- **INPUT DATA**:
<<<<

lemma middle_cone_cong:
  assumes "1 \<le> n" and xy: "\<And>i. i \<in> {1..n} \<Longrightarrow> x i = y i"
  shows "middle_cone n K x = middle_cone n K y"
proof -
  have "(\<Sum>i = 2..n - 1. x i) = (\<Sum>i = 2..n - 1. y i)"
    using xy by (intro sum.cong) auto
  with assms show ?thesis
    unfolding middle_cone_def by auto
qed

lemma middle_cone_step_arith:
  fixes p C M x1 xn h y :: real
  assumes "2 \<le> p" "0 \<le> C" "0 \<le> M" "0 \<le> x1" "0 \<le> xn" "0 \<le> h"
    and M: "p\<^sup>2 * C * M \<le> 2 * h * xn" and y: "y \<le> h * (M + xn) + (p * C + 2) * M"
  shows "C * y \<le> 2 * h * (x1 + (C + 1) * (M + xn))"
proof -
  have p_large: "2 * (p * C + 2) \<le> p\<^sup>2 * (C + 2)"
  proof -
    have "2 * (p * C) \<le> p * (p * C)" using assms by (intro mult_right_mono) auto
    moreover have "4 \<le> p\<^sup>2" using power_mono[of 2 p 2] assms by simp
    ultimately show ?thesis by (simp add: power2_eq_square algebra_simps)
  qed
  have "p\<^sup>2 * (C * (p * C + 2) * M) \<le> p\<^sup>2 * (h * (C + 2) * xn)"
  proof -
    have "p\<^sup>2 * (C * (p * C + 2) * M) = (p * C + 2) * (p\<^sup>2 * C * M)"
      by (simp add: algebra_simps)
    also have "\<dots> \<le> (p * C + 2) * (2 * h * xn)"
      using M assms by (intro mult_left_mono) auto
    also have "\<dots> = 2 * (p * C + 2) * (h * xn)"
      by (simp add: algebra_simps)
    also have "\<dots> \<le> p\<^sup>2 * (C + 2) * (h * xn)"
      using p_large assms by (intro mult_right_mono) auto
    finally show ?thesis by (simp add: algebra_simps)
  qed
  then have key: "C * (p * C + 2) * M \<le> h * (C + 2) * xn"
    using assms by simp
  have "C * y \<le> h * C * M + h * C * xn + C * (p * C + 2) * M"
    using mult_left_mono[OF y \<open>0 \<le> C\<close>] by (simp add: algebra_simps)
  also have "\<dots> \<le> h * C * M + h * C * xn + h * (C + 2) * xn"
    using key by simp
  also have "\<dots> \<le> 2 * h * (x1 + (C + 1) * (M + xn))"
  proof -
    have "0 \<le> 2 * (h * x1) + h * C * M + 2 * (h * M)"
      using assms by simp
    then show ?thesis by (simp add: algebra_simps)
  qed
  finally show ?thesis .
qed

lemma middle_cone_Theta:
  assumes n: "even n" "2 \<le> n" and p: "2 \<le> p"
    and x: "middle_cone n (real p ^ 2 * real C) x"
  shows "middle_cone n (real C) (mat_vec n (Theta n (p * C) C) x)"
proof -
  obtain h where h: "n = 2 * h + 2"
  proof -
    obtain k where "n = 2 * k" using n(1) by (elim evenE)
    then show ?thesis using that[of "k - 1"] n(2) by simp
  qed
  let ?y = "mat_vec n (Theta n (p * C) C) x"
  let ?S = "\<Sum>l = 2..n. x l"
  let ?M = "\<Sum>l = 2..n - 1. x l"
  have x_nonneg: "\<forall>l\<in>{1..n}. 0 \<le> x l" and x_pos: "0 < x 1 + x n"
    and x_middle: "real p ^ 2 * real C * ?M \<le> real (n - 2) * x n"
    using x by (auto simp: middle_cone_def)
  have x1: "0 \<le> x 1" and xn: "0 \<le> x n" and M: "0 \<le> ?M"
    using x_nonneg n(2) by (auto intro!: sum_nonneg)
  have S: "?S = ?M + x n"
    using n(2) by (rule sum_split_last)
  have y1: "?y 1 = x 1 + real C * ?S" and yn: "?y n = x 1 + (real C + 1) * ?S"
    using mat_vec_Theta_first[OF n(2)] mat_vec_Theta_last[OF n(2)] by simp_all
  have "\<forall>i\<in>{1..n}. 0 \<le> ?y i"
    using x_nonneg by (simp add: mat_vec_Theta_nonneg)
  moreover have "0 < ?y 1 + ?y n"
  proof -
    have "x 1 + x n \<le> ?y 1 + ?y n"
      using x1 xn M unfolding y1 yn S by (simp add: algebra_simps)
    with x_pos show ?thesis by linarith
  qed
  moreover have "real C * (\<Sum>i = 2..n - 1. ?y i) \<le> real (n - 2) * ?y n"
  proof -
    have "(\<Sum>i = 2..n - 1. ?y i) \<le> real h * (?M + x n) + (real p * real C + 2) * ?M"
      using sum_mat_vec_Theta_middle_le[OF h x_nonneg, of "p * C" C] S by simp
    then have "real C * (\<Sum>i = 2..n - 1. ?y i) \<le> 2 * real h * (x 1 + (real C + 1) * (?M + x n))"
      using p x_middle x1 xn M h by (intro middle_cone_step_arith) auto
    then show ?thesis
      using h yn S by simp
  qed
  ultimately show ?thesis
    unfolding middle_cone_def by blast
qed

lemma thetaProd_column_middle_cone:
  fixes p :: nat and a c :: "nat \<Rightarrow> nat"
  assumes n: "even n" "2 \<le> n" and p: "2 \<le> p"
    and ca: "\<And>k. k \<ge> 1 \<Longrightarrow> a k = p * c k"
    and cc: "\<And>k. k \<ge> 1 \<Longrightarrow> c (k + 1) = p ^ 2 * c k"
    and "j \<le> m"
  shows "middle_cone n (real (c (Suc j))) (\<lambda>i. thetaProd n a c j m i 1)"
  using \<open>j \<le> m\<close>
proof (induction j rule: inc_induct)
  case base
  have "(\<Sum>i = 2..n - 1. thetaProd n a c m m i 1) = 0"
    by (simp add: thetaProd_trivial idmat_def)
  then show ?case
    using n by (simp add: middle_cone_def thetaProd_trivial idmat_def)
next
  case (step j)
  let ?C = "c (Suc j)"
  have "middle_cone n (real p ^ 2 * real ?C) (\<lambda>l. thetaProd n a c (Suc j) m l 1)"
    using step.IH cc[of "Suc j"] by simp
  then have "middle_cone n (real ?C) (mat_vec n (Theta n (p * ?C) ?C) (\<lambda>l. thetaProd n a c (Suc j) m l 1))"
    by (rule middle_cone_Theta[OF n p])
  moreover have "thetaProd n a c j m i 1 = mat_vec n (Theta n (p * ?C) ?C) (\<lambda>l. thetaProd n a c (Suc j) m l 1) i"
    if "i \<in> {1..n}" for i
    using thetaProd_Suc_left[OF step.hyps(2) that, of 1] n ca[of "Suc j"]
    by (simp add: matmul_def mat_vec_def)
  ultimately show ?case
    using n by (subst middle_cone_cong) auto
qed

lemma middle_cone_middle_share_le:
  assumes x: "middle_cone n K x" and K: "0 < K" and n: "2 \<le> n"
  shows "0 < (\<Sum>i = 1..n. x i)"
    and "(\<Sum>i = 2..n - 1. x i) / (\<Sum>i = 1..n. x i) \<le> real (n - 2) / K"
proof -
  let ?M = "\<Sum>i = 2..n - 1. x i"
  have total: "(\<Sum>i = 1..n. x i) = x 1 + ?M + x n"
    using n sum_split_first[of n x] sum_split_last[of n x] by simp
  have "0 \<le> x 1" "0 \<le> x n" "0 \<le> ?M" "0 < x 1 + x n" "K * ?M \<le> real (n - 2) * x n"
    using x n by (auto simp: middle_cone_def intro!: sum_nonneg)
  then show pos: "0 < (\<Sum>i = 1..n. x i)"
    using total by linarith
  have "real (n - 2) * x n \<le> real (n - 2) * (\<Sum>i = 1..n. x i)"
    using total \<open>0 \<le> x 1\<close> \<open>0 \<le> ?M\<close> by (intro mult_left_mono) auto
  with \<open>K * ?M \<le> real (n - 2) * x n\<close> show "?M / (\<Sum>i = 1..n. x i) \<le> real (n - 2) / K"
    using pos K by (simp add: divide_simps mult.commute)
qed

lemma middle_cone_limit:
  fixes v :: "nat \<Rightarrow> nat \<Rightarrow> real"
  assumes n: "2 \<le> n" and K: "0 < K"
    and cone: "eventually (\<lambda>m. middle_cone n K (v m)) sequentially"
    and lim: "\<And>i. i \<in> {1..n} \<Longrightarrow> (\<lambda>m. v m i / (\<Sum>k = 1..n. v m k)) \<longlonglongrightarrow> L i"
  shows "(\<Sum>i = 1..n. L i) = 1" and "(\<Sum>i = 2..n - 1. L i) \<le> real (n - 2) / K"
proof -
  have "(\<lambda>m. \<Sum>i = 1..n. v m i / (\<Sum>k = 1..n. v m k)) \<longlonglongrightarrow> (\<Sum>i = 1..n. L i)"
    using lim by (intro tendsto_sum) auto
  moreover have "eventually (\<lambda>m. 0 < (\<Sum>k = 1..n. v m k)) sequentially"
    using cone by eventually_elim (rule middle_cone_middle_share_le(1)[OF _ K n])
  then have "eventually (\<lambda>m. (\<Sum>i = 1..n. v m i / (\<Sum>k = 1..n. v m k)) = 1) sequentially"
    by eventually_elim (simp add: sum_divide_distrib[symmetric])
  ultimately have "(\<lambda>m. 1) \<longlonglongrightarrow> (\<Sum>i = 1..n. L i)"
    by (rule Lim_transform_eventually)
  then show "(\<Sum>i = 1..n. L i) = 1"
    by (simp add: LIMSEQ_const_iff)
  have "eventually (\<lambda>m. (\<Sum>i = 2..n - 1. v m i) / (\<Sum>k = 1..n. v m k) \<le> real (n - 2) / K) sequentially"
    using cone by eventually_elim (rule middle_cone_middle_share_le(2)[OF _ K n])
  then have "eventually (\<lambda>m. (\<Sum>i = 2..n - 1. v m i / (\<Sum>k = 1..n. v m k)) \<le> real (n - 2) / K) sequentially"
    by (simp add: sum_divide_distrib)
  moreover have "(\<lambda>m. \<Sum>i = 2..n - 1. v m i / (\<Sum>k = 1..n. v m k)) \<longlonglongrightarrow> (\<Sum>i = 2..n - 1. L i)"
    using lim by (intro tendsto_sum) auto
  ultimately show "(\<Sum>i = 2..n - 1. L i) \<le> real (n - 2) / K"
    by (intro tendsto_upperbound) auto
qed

>>>>

- **WHAT YOU WILL DO**:
What lines above hold the word "sequentially"? List them all.

- **FINAL ANSWER**:
    and cone: "eventually (\<lambda>m. middle_cone n K (v m)) sequentially"
  moreover have "eventually (\<lambda>m. 0 < (\<Sum>k = 1..n. v m k)) sequentially"
  then have "eventually (\<lambda>m. (\<Sum>i = 1..n. v m i / (\<Sum>k = 1..n. v m k)) = 1) sequentially"
  have "eventually (\<lambda>m. (\<Sum>i = 2..n - 1. v m i) / (\<Sum>k = 1..n. v m k) \<le> real (n - 2) / K) sequentially"
  then have "eventually (\<lambda>m. (\<Sum>i = 2..n - 1. v m i / (\<Sum>k = 1..n. v m k)) \<le> real (n - 2) / K) sequentially"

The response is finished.